Purpose-built MSP AI platforms like Gradient MSP, Rewst, or SuperOps that are beginning to embed agentic capabilities with MSP-specific integrations already built in. Working with these, the harness scaffolding is partially pre-built for you.
Frameworks like LangChain for MSPs that have a developer on staff or a development partner. These give you programmatic control over every harness component.
Which is Most Likely to be the Best Place to Start?
Each MSPs circumstances are different, but most pick Rewst or n8n. Find one internal workflow, not a client-facing one yet. Build a simple automation that calls an LLM at one step to do something the model is genuinely good at like summarizing, classifying, or drafting. Get that working reliably. Then expand.
The discipline you’re building isn’t AI expertise. It’s workflow engineering with AI as one of the components. If you’re like most MSPs, you already think in workflows. That’s actually a significant advantage over, say, a generic software developer who has never had to make a promise about uptime to a client. Right?
What to avoid early:
Don’t start with an agentic system where the AI takes autonomous action. Start with AI-assisted workflows where a human still approves the output. Build trust in the harness before you remove the human from the loop. That sequencing matters enormously both for reliability and for building client confidence.
The MSPs who own this space won’t be the ones who understand AI the best. They’re the ones who get good at “harness thinking” first.
Human’s Steer. Agents Execute.
From the AI Realized Now Substack: “Prompt engineering gets you a better single response. Harness engineering which brings the tools, validation hooks, review playbooks, and output pipelines surrounding the agent, gets you a better system.”
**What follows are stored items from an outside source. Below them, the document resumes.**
lemma module_iso_ker:
  assumes "is_module T le V1 F1" "module_iso T le V1 F1 V2 F2"
  shows "module_iso (Int_carrier T le) (Int_le le) (ker_V V1 F1) (ker_F F1) (ker_V V2 F2) (ker_F F2)"
proof -
  obtain \<phi> where \<phi>_iso: "\<forall>x\<in>T. is_linear_on (V1 x) (V2 x) (\<phi> x) \<and> bij_betw (\<phi> x) (V1 x) (V2 x)"
    and \<phi>_nat: "\<forall>x\<in>T. \<forall>y\<in>T. le x y \<longrightarrow> (\<forall>v\<in>V1 x. \<phi> y (F1 x y v) = F2 x y (\<phi> x v))"
    using assms(2) unfolding module_iso_def by blast
  have sub: "\<forall>x\<in>T. is_subspace (V1 x)"
    and lin: "\<forall>x\<in>T. \<forall>y\<in>T. le x y \<longrightarrow> is_linear_on (V1 x) (V1 y) (F1 x y)"
    using assms(1) unfolding is_module_def by blast+
  have bij: "bij_betw (\<phi> x) (ker_V V1 F1 (x, y)) (ker_V V2 F2 (x, y))"
    if "x \<in> T" "y \<in> T" "le x y" for x y
    unfolding ker_V_def fst_conv snd_conv
  proof (rule bij_betw_kernels)
    have "0 \<in> V1 y" using sub \<open>y \<in> T\<close> unfolding is_subspace_def by blast
    then show "0 \<in> V1 y" "\<phi> y 0 = 0"
      using is_linear_on_zero[of "V1 y" "V2 y" "\<phi> y"] \<phi>_iso \<open>y \<in> T\<close> by auto
    show "inj_on (\<phi> y) (V1 y)" using \<phi>_iso \<open>y \<in> T\<close> bij_betw_def by blast
  qed (use \<phi>_iso \<phi>_nat lin that in \<open>auto simp: is_linear_on_def\<close>)
  have "is_linear_on (ker_V V1 F1 (x, y)) (ker_V V2 F2 (x, y)) (\<phi> x)"
    if "x \<in> T" "y \<in> T" "le x y" for x y
    using \<phi>_iso bij_betw_imp_surj_on[OF bij[OF that]] that
    unfolding is_linear_on_def by (auto simp: ker_V_def)
  with bij \<phi>_nat show ?thesis
    unfolding module_iso_def
    by (intro exI[of _ "\<lambda>p. \<phi> (fst p)"])
      (auto simp: Int_carrier_def Int_le_def ker_V_def ker_F_def)
qed
definition radius_Y :: "real \<Rightarrow> nat \<Rightarrow> real" where
  "radius_Y \<delta> k = sqrt ((2 * ln (real k) + ln (20 / \<delta>)) / (2 * 2 ^ k))"

lemma radius_Z_nonneg: "0 < \<delta> \<Longrightarrow> \<delta> \<le> 12 \<Longrightarrow> 0 \<le> radius_Z \<delta> N"
  by (simp add: radius_Z_def)

lemma radius_Y_nonneg: "0 < \<delta> \<Longrightarrow> \<delta> \<le> 20 \<Longrightarrow> 1 \<le> k \<Longrightarrow> 0 \<le> radius_Y \<delta> k"
  by (simp add: radius_Y_def)

lemma exp_radius_Z:
  assumes "0 < \<delta>" "\<delta> \<le> 12" "0 < N"
  shows "exp (- 2 * real N * (radius_Z \<delta> N)\<^sup>2) = \<delta> / 12"
  using assms by (simp add: radius_Z_def exp_minus)

lemma exp_radius_Y:
  assumes "0 < \<delta>" "\<delta> \<le> 20" "1 \<le> k"
  shows "exp (- 2 * 2 ^ k * (radius_Y \<delta> k)\<^sup>2) = \<delta> / (20 * (real k)\<^sup>2)"
proof -
  have "2 * 2 ^ k * (radius_Y \<delta> k)\<^sup>2 = 2 * ln (real k) + ln (20 / \<delta>)"
    using assms by (simp add: radius_Y_def)
  also have "\<dots> = ln ((real k)\<^sup>2) + ln (20 / \<delta>)"
    using assms by (simp add: ln_realpow)
  also have "\<dots> = ln ((real k)\<^sup>2 * (20 / \<delta>))"
    by (rule ln_mult_pos[symmetric]) (use assms in auto)
  finally show ?thesis
    using assms by (simp add: exp_minus)
qed

lemma width_eq_radius_Y: "floor2 c = 2 ^ k \<Longrightarrow> 1 \<le> k \<Longrightarrow> width c \<delta> = ereal (radius_Y \<delta> k)"
  using power_increasing[of 1 k "2::nat"] by (simp add: width_def radius_Y_def)

lemma sum_inverse_squares_le: "1 \<le> n \<Longrightarrow> (\<Sum>k=1..n. 1 / (real k)\<^sup>2) \<le> 2 - 1 / real n"
proof (induction n rule: dec_induct)
  case (step n)
  have "1 / (real (Suc n))\<^sup>2 \<le> 1 / (real n * real (Suc n))"
    using step by (intro divide_left_mono) (auto simp: power2_eq_square)
  also have "\<dots> = 1 / real n - 1 / real (Suc n)"
    using step by (simp add: field_simps)
  finally have "1 / (real (Suc n))\<^sup>2 \<le> 1 / real n - 1 / real (Suc n)" .
  moreover have "(\<Sum>k=1..Suc n. 1 / (real k)\<^sup>2) = (\<Sum>k=1..n. 1 / (real k)\<^sup>2) + 1 / (real (Suc n))\<^sup>2"
    by simp
  ultimately show ?case
    using step.IH by linarith
qed simp

lemma product_estimate_error_le:
  fixes a b a' b' s w :: real
  assumes "0 \<le> a" "a \<le> 1" "0 \<le> b'" "b' \<le> 1" "a - a' < w" "b - b' < s" "0 \<le> s" "0 \<le> w"
  shows "a * b - a' * b' \<le> s + w"
proof -
  have "a * (b - b') \<le> a * s" "b' * (a - a') \<le> b' * w"
    using assms by (auto intro!: mult_left_mono)
  moreover have "a * s \<le> s" "b' * w \<le> w"
    using assms by (auto simp: mult_left_le_one_le)
  moreover have "a * b - a' * b' = a * (b - b') + b' * (a - a')"
    by (simp add: algebra_simps)
  ultimately show ?thesis
    by linarith
qed

lemma causal_effect_le_upper_bound:
  assumes "0 < \<delta>" "\<delta> \<le> 20" "0 \<le> r"
    and Z_close: "\<And>z. pmf \<pi> z - phat Z N z \<omega> < r"
    and Y_close: "\<And>z k. 1 \<le> k \<Longrightarrow> k \<le> N \<Longrightarrow> floor2 (cnt X Z N x z \<omega>) = 2 ^ k \<Longrightarrow>
                   pmf (q x z) y - pcheck X Y Z N y x z \<omega> < radius_Y \<delta> k"
  shows "ereal (\<Sum>z\<in>UNIV. pmf (q x z) y * pmf \<pi> z)
           \<le> ereal ((\<Sum>z\<in>UNIV. phat Z N z \<omega> * pcheck X Y Z N y x z \<omega>) + 2 * r)
             + (\<Sum>z\<in>UNIV. width (cnt X Z N x z \<omega>) \<delta>)"
proof (cases "\<exists>z. cnt X Z N x z \<omega> < 2")
  case True
  then obtain z where "cnt X Z N x z \<omega> < 2"
    by blast
  then have "width (cnt X Z N x z \<omega>) \<delta> = \<infinity>"
    by (simp add: width_def)
  then have "(\<Sum>z\<in>UNIV. width (cnt X Z N x z \<omega>) \<delta>) = \<infinity>"
    by (auto simp: sum_Pinfty)
  then show ?thesis
    by simp
next
  case False
  have "\<exists>k. 1 \<le> k \<and> floor2 (cnt X Z N x z \<omega>) = 2 ^ k \<and> 2 ^ k \<le> cnt X Z N x z \<omega>" for z
    using False floor2_eq_power[of "cnt X Z N x z \<omega>"] by (metis not_less)
  then obtain k where k: "\<And>z. 1 \<le> k z \<and> floor2 (cnt X Z N x z \<omega>) = 2 ^ k z \<and> 2 ^ k z \<le> cnt X Z N x z \<omega>"
    by metis
  have "k z \<le> N" for z
    using less_exp[of "k z"] k[of z] cnt_le[of X Z N x z \<omega>] by linarith
  then have "pmf (q x z) y * pmf \<pi> z - pcheck X Y Z N y x z \<omega> * phat Z N z \<omega> \<le> r + radius_Y \<delta> (k z)" for z
    using k[of z] assms(1-3)
    by (intro product_estimate_error_le Z_close Y_close radius_Y_nonneg)
       (simp_all add: phat_nonneg phat_le_1 pmf_le_1)
  then have "(\<Sum>z\<in>UNIV. pmf (q x z) y * pmf \<pi> z - pcheck X Y Z N y x z \<omega> * phat Z N z \<omega>)
      \<le> (\<Sum>z\<in>UNIV. r + radius_Y \<delta> (k z))"
    by (rule sum_mono)
  then have "(\<Sum>z\<in>UNIV. pmf (q x z) y * pmf \<pi> z)
      \<le> (\<Sum>z\<in>UNIV. phat Z N z \<omega> * pcheck X Y Z N y x z \<omega>) + 2 * r + (\<Sum>z\<in>UNIV. radius_Y \<delta> (k z))"
    by (simp add: sum_subtractf sum.distrib mult.commute)
  moreover have "(\<Sum>z\<in>UNIV. width (cnt X Z N x z \<omega>) \<delta>) = ereal (\<Sum>z\<in>UNIV. radius_Y \<delta> (k z))"
    using k by (simp add: width_eq_radius_Y)
  ultimately show ?thesis
    by simp
qed

locale causal_sampling = sample_process +
  fixes \<pi> :: "bool pmf" and q :: "bool \<Rightarrow> bool \<Rightarrow> bool pmf"
  assumes Z_cond: "\<And>n h z. n \<in> {1..N} \<Longrightarrow>
          prob (hist_event M X Y Z n h \<inter> {\<omega>. Z n \<omega> = z}) = pmf \<pi> z * prob (hist_event M X Y Z n h)"
    and Y_cond: "\<And>n h x z y. n \<in> {1..N} \<Longrightarrow>
          prob (hist_event M X Y Z n h \<inter> {\<omega>. Z n \<omega> = z \<and> X n \<omega> = x \<and> Y n \<omega> = y})
            = pmf (q x z) y * prob (hist_event M X Y Z n h \<inter> {\<omega>. Z n \<omega> = z \<and> X n \<omega> = x})"
begin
Here are three core qualities of harness engineering:
1. The model itself doesn’t change. The improvements come from the agent’s harness: its tools, prompts, review playbooks, and output pipelines. That means enterprises don’t need to retrain or fine-tune anything.
2. The learning is auditable. Each improvement is a discrete, inspectable change (a new cross-document review playbook, a validation hook, a file-conversion pipeline), not an opaque weight update.
3. The quality bar is set by humans. The rubric is what drives the agent’s improvement cycle.
As Niko Grupen, Head of Applied Research at Harvey, the legal AI platform used by major law firms and in-house teams worldwide, puts it: “Humans steer. Agents execute.”